Segment Start: Material for this exercise
(* For all $p\in[1,\infty)$, $$\sup_{N\in\mathbb{N},\,N\ge8\lambda pT}\ \mathbb{E}\Big[\sup_{n\in\{0,1,\dots,N\}}|D^N_n|^p\Big]<\infty.$$
   Context: Standing setting: $T\in(0,\infty)$; $(\Omega,\mathcal{F},\mathbb{P})$ with normal filtration $(\mathcal{F}_t)_{t\in[0,T]}$; $d,m\in\mathbb{N}$; $W$ an $m$-dimensional standard $(\mathcal{F}_t)$-Brownian motion; $\xi$ $\mathcal{F}_0$-measurable in $\mathbb{R}^d$ with $\mathbb{E}\|\xi\|^p<\infty$ for all $p\ge1$. $\|\cdot\|$ Euclidean/operator norm. $\mu\colon\mathbb{R}^d\to\mathbb{R}^d$ is $C^1$, $\sigma\colon\mathbb{R}^d\to\mathbb{R}^{d\times m}$, and there is $c\in(0,\infty)$ with $\|\mu'(x)\|\le c(1+\|x\|^c)$, $\|\sigma(x)-\sigma(y)\|\le c\|x-y\|$, $\langle x-y,\mu(x)-\mu(y)\rangle\le c\|x-y\|^2$. $\Delta W^N_n:=W_{(n+1)T/N}-W_{nT/N}$; tamed Euler scheme $Y^N_0=\xi$, $Y^N_{n+1}=Y^N_n+\frac{(T/N)\mu(Y^N_n)}{1+(T/N)\|\mu(Y^N_n)\|}+\sigma(Y^N_n)\Delta W^N_n$. $\lambda:=(1+2c+T+\|\mu(0)\|+\|\sigma(0)\|)^4$; $\alpha^N_n:=\mathbf{1}_{\{\|Y^N_n\|\ge1\}}\big\langle\frac{Y^N_n}{\|Y^N_n\|},\frac{\sigma(Y^N_n)}{\|Y^N_n\|}\Delta W^N_n\big\rangle$ (0 if $\|Y^N_n\|<1$); $D^N_n:=(\lambda+\|\xi\|)\exp\big(\lambda+\sup_{u\in\{0,\dots,n\}}\sum_{k=u}^{n-1}[\lambda\|\Delta W^N_k\|^2+\alpha^N_k]\big)$ for $n\in\{0,\dots,N\}$, empty sums being $0$. *)

theory Defs
  imports "HOL-Probability.Probability"
begin

definition op_norm :: "real^'m^'d \<Rightarrow> real" where
  "op_norm A = onorm (\<lambda>v. A *v v)"

definition normal_filtration :: "'a measure \<Rightarrow> real \<Rightarrow> (real \<Rightarrow> 'a measure) \<Rightarrow> bool" where
  "normal_filtration M T F \<longleftrightarrow>
     (\<forall>t\<in>{0..T}. space (F t) = space M \<and> sets (F t) \<subseteq> sets M) \<and>
     (\<forall>s\<in>{0..T}. \<forall>t\<in>{0..T}. s \<le> t \<longrightarrow> sets (F s) \<subseteq> sets (F t)) \<and>
     (\<forall>t\<in>{0..<T}. (\<Inter>u\<in>{t<..T}. sets (F u)) = sets (F t)) \<and>
     (\<forall>A\<in>sets M. emeasure M A = 0 \<longrightarrow> A \<in> sets (F 0))"

definition std_brownian_motion ::
    "'a measure \<Rightarrow> real \<Rightarrow> (real \<Rightarrow> 'a measure) \<Rightarrow> (real \<Rightarrow> 'a \<Rightarrow> real^'m) \<Rightarrow> bool" where
  "std_brownian_motion M T F W \<longleftrightarrow>
     (\<forall>\<omega>\<in>space M. W 0 \<omega> = 0 \<and> continuous_on {0..T} (\<lambda>t. W t \<omega>)) \<and>
     (\<forall>t\<in>{0..T}. W t \<in> borel_measurable (F t)) \<and>
     (\<forall>s\<in>{0..T}. \<forall>t\<in>{0..T}. s < t \<longrightarrow>
        prob_space.indep_set M (sets (F s))
          {(\<lambda>\<omega>. W t \<omega> - W s \<omega>) -` U \<inter> space M | U. U \<in> sets borel} \<and>
        prob_space.indep_vars M (\<lambda>_. borel) (\<lambda>i \<omega>. (W t \<omega> - W s \<omega>) $ i) UNIV \<and>
        (\<forall>i. distributed M lborel (\<lambda>\<omega>. (W t \<omega> - W s \<omega>) $ i)
               (\<lambda>x. ennreal (normal_density 0 (sqrt (t - s)) x))))"

definition dW :: "real \<Rightarrow> (real \<Rightarrow> 'a \<Rightarrow> real^'m) \<Rightarrow> nat \<Rightarrow> nat \<Rightarrow> 'a \<Rightarrow> real^'m" where
  "dW T W N n \<omega> = W (real (Suc n) * T / real N) \<omega> - W (real n * T / real N) \<omega>"

primrec tamed_euler ::
    "real \<Rightarrow> (real^'d \<Rightarrow> real^'d) \<Rightarrow> (real^'d \<Rightarrow> real^'m^'d) \<Rightarrow> (real \<Rightarrow> 'a \<Rightarrow> real^'m)
      \<Rightarrow> ('a \<Rightarrow> real^'d) \<Rightarrow> nat \<Rightarrow> nat \<Rightarrow> 'a \<Rightarrow> real^'d" where
  "tamed_euler T \<mu> \<sigma> W \<xi> N 0 \<omega> = \<xi> \<omega>"
| "tamed_euler T \<mu> \<sigma> W \<xi> N (Suc n) \<omega> =
     (let y = tamed_euler T \<mu> \<sigma> W \<xi> N n \<omega>; h = T / real N in
      y + (h / (1 + h * norm (\<mu> y))) *\<^sub>R \<mu> y + \<sigma> y *v dW T W N n \<omega>)"

definition alphaN ::
    "real \<Rightarrow> (real^'d \<Rightarrow> real^'d) \<Rightarrow> (real^'d \<Rightarrow> real^'m^'d) \<Rightarrow> (real \<Rightarrow> 'a \<Rightarrow> real^'m)
      \<Rightarrow> ('a \<Rightarrow> real^'d) \<Rightarrow> nat \<Rightarrow> nat \<Rightarrow> 'a \<Rightarrow> real" where
  "alphaN T \<mu> \<sigma> W \<xi> N n \<omega> =
     (let y = tamed_euler T \<mu> \<sigma> W \<xi> N n \<omega> in
      if norm y \<ge> 1 then inner ((1 / norm y) *\<^sub>R y) ((1 / norm y) *\<^sub>R (\<sigma> y *v dW T W N n \<omega>))
      else 0)"

definition lam :: "real \<Rightarrow> real \<Rightarrow> (real^'d \<Rightarrow> real^'d) \<Rightarrow> (real^'d \<Rightarrow> real^'m^'d) \<Rightarrow> real" where
  "lam c T \<mu> \<sigma> = (1 + 2 * c + T + norm (\<mu> 0) + op_norm (\<sigma> 0)) ^ 4"

definition DN ::
    "real \<Rightarrow> real \<Rightarrow> (real^'d \<Rightarrow> real^'d) \<Rightarrow> (real^'d \<Rightarrow> real^'m^'d) \<Rightarrow> (real \<Rightarrow> 'a \<Rightarrow> real^'m)
      \<Rightarrow> ('a \<Rightarrow> real^'d) \<Rightarrow> nat \<Rightarrow> nat \<Rightarrow> 'a \<Rightarrow> real" where
  "DN c T \<mu> \<sigma> W \<xi> N n \<omega> =
     (let l = lam c T \<mu> \<sigma> in
      (l + norm (\<xi> \<omega>)) *
      exp (l + Max ((\<lambda>u. \<Sum>k\<in>{u..<n}. l * (norm (dW T W N k \<omega>))\<^sup>2 + alphaN T \<mu> \<sigma> W \<xi> N k \<omega>)
                    ` {0..n})))"

end

theory Submission
  imports Defs
begin

(*
  Put h = T/N, t_k = k h and b_k = Y_k^T sigma(Y_k) / |Y_k|^2 (and b_k = 0 if |Y_k| < 1), so
  that alpha_k = <b_k, Delta W_k>, |b_k| <= K := |sigma(0)| + c and b_k is F_{t_k}-measurable.
  With A_n = sum_{k<n} alpha_k the maximum in D^N_n is attained at some u <= n, and the
  four-factor inequality  xyzw <= y^2 + x^6 + z^6 + w^6  bounds |D^N_n|^p pathwise by
    exp(2 p lambda sum_{k<N} |Delta W_k|^2) + (lambda + |xi|)^(6p) e^(6 p lambda)
      + sqrt(max_n exp(12 p A_n)) + sqrt(max_n exp(-12 p A_n)).
  The first term has expectation <= exp(8 p lambda T m) by the chi-square moment generating
  function; this is where 8 p lambda h <= 1, i.e. N >= 8 lambda p T, is needed.  The second
  term is integrable by the moment assumption on xi.  For the last two, the Gaussian moment
  generating function makes exp(r A_n) a submartingale with E exp(r A_N) <= exp(r^2 K^2 T / 2),
  and a Ville-type maximal inequality combined with a dyadic layer-cake estimate yields
  E sqrt(max_n X_n) <= 1 + 4 E X_N for every nonnegative submartingale X.
*)

lemma prod3_le_sum_cubes:
  fixes a b c :: real
  assumes "0 \<le> a" "0 \<le> b" "0 \<le> c"
  shows "a * b * c \<le> a^3 + b^3 + c^3"
proof -
  define m where "m = max a (max b c)"
  have am: "a \<le> m" "b \<le> m" "c \<le> m" by (auto simp: m_def)
  have "a * b * c \<le> m * m * m"
    using assms am by (intro mult_mono) (auto intro: mult_nonneg_nonneg)
  also have "\<dots> = m^3" by (simp add: power3_eq_cube)
  also have "\<dots> \<le> a^3 + b^3 + c^3"
  proof -
    have "m = a \<or> m = b \<or> m = c" by (auto simp: m_def max_def)
    moreover have "0 \<le> a^3" "0 \<le> b^3" "0 \<le> c^3" using assms by simp_all
    ultimately show ?thesis by auto
  qed
  finally show ?thesis .
qed

text \<open>The four-factor AM-GM type inequality used to split the majorant into four
  separately integrable terms.\<close>
lemma prod4_le_square_sixth_powers:
  fixes x y z w :: real
  assumes "0 \<le> x" "0 \<le> y" "0 \<le> z" "0 \<le> w"
  shows "x * y * z * w \<le> y^2 + x^6 + z^6 + w^6"
proof -
  define q where "q = x * z * w"
  have "x * y * z * w = y * q" by (simp add: q_def ac_simps)
  also have "\<dots> \<le> y^2 + q^2"
  proof -
    have "0 \<le> (y - q)^2" by simp
    moreover have "0 \<le> y * q" using assms by (simp add: q_def)
    ultimately show ?thesis by (simp add: power2_diff)
  qed
  also have "q^2 = x^2 * z^2 * w^2" by (simp add: q_def power_mult_distrib)
  also have "\<dots> \<le> (x^2)^3 + (z^2)^3 + (w^2)^3" by (rule prod3_le_sum_cubes) simp_all
  also have "\<dots> = x^6 + z^6 + w^6" by (simp flip: power_mult)
  finally show ?thesis by simp
qed

lemma powr_add_le:
  fixes a b q :: real
  assumes "0 \<le> a" "0 \<le> b" "0 \<le> q"
  shows "(a + b) powr q \<le> 2 powr q * (a powr q + b powr q)"
proof -
  have "(a + b) powr q \<le> (2 * max a b) powr q"
    using assms by (intro powr_mono2) auto
  also have "\<dots> = 2 powr q * (max a b) powr q" by (simp add: powr_mult)
  also have "(max a b) powr q \<le> a powr q + b powr q"
    by (cases "a \<le> b") (auto simp: max_def)
  then have "2 powr q * (max a b) powr q \<le> 2 powr q * (a powr q + b powr q)"
    by (intro mult_left_mono) auto
  finally show ?thesis .
qed

lemma sqrt_exp_double: "sqrt (exp (2 * x)) = exp (x::real)"
proof -
  have "exp (2 * x) = (exp x)^2" by (simp add: exp_of_nat_mult[symmetric])
  then show ?thesis by simp
qed

text \<open>Bounds the factor 1/sqrt(1 - 2 s h) of the chi-square moment generating function.\<close>
lemma inv_sqrt_one_minus_le_exp:
  fixes x :: real
  assumes "0 \<le> x" "x \<le> 1/2"
  shows "1 / sqrt (1 - x) \<le> exp (2 * x)"
proof -
  have pos: "0 < 1 - x" "1 - x \<le> 1" using assms by auto
  then have s1: "sqrt (1 - x) \<le> 1" by simp
  have "1 - x = sqrt (1 - x) * sqrt (1 - x)" using pos by simp
  also have "\<dots> \<le> sqrt (1 - x) * 1" by (rule mult_left_mono[OF s1]) (use pos in simp)
  finally have "1 - x \<le> sqrt (1 - x)" by simp
  then have "1 / sqrt (1 - x) \<le> 1 / (1 - x)" using pos by (intro divide_left_mono) auto
  also have "\<dots> \<le> 1 + 2 * x"
    using assms mult_left_mono[of "x*2" 1 x] by (simp add: field_simps)
  also have "\<dots> \<le> exp (2 * x)" by (rule exp_ge_add_one_self)
  finally show ?thesis .
qed

lemma sqrt_le_dyadic_layers:
  assumes G: "0 \<le> (G::real)"
  shows "ennreal (sqrt G) \<le> 1 + (\<Sum>j. ennreal (2^(j+1)) * indicator {x. 4^j \<le> x} G)"
proof (cases "G < 1")
  case True
  then show ?thesis using G by (simp add: ennreal_leI add_increasing2)
next
  case False
  define k where "k = nat \<lfloor>G\<rfloor>"
  have k1: "1 \<le> k" using False by (simp add: k_def le_nat_iff le_floor_iff)
  obtain j where j: "4^j \<le> k" "k < 4^(j+1)" using ex_power_ivl1[of 4 k] k1 by auto
  have kG: "real k \<le> G" "G < real k + 1" using G by (simp_all add: k_def)
  have "(4::real)^j \<le> real k" using j(1) by (metis of_nat_le_iff of_nat_numeral of_nat_power)
  then have jG: "4^j \<le> G" using kG by linarith
  have "k + 1 \<le> 4^(j+1)" using j(2) by simp
  then have "real (k + 1) \<le> real (4^(j+1))" by (simp only: of_nat_le_iff)
  then have "G \<le> 4^(j+1)" using kG by simp
  moreover have "((2::real)^(j+1))^2 = (2^2)^(j+1)" by (metis power_mult mult.commute)
  ultimately have G4: "G \<le> (2^(j+1))^2" by simp
  have "sqrt G \<le> 2^(j+1)" using G4 G by (intro real_le_lsqrt) simp_all
  then have "ennreal (sqrt G) \<le> ennreal (2^(j+1)) * indicator {x. 4^j \<le> x} G"
    using jG by (simp add: ennreal_leI)
  also have "\<dots> \<le> (\<Sum>j. ennreal (2^(j+1)) * indicator {x. 4^j \<le> x} G)"
  proof -
    define f where "f = (\<lambda>j. ennreal (2^(j+1)) * indicator {x. 4^j \<le> x} G)"
    have "sum f {j} \<le> suminf f" by (rule sum_le_suminf[OF summableI]) auto
    then have "f j \<le> suminf f" by simp
    then show ?thesis unfolding f_def .
  qed
  also have "\<dots> \<le> 1 + (\<Sum>j. ennreal (2^(j+1)) * indicator {x. 4^j \<le> x} G)" by simp
  finally show ?thesis .
qed

text \<open>Weight 2^(j+1) of the j-th dyadic layer, split as (2/2^j) * 4^j: the factor 4^j is
  paid for by Ville's inequality at level 4^j, the factors 2/2^j sum to 4.\<close>
lemma ennreal_two_pow_Suc: "ennreal (2^(j+1)) = ennreal (2 / 2^j) * ennreal (4^j)"
proof -
  have "(4::real)^j = 2^j * 2^j" by (simp flip: power_mult_distrib)
  then have "(2::real)^(j+1) = (2 / 2^j) * 4^j" by simp
  then show ?thesis by (simp only:) (rule ennreal_mult; simp)
qed

lemma suminf_two_over_pow2: "(\<Sum>j. ennreal (2 / 2^j)) = 4"
proof -
  have sm: "summable (\<lambda>j. 2 * (1/2::real)^j)" by (intro summable_mult summable_geometric) simp
  have "(\<Sum>j. ennreal (2 / 2^j)) = (\<Sum>j. ennreal (2 * (1/2)^j))" by (simp add: power_one_over)
  also have "\<dots> = ennreal (\<Sum>j. 2 * (1/2::real)^j)" by (rule suminf_ennreal2) (auto intro: sm)
  also have "(\<Sum>j. 2 * (1/2::real)^j) = 4"
    using suminf_mult[OF summable_geometric[of "1/2::real"], of 2] suminf_geometric[of "1/2::real"]
    by simp
  finally show ?thesis by simp
qed


lemma norm_square_vec_eq: "(norm (x::real^'n::finite))^2 = (\<Sum>i\<in>UNIV. (x $ i)^2)"
  unfolding power2_norm_eq_inner by (simp add: inner_vec_def power2_eq_square)

lemma norm_mult_le_op_norm: "norm (A *v x) \<le> op_norm A * norm (x::real^'m::finite)"
  for A :: "real^'m::finite^'d::finite"
  unfolding op_norm_def by (rule onorm) simp

lemma op_norm_nonneg: "0 \<le> op_norm (A :: real^'m::finite^'d::finite)"
  unfolding op_norm_def by (rule onorm_pos_le) simp

lemma op_norm_triangle: "op_norm (A + B) \<le> op_norm A + op_norm (B :: real^'m::finite^'d::finite)"
proof -
  have "(*v) (A + B) = (\<lambda>x. A *v x + B *v x)"
    by (rule ext) (simp add: matrix_vector_mult_add_rdistrib)
  then show ?thesis unfolding op_norm_def using onorm_triangle[of "(*v) A" "(*v) B"] by simp
qed

text \<open>The Frobenius norm is dominated by the operator norm up to a dimensional constant;
  this turns operator-norm Lipschitz continuity of sigma into ordinary continuity.\<close>
lemma norm_le_op_norm:
  "norm (A :: real^'m::finite^'d::finite) \<le> real CARD('d) * real CARD('m) * op_norm A"
proof -
  have "norm A \<le> (\<Sum>i\<in>UNIV. norm (A $ i))"
    unfolding norm_vec_def by (rule L2_set_le_sum) simp
  also have "\<dots> \<le> (\<Sum>i\<in>(UNIV::'d set). \<Sum>j\<in>(UNIV::'m set). \<bar>A $ i $ j\<bar>)"
    by (intro sum_mono norm_le_l1_cart)
  also have "\<dots> \<le> (\<Sum>i\<in>(UNIV::'d set). \<Sum>j\<in>(UNIV::'m set). op_norm A)"
    unfolding op_norm_def by (intro sum_mono matrix_component_le_onorm)
  finally show ?thesis by (simp add: mult.assoc)
qed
Segment End: Material for this exercise
Among the lines above, count those containing the word "sets" and give nothing but the result.

**Solution to the exercise**
6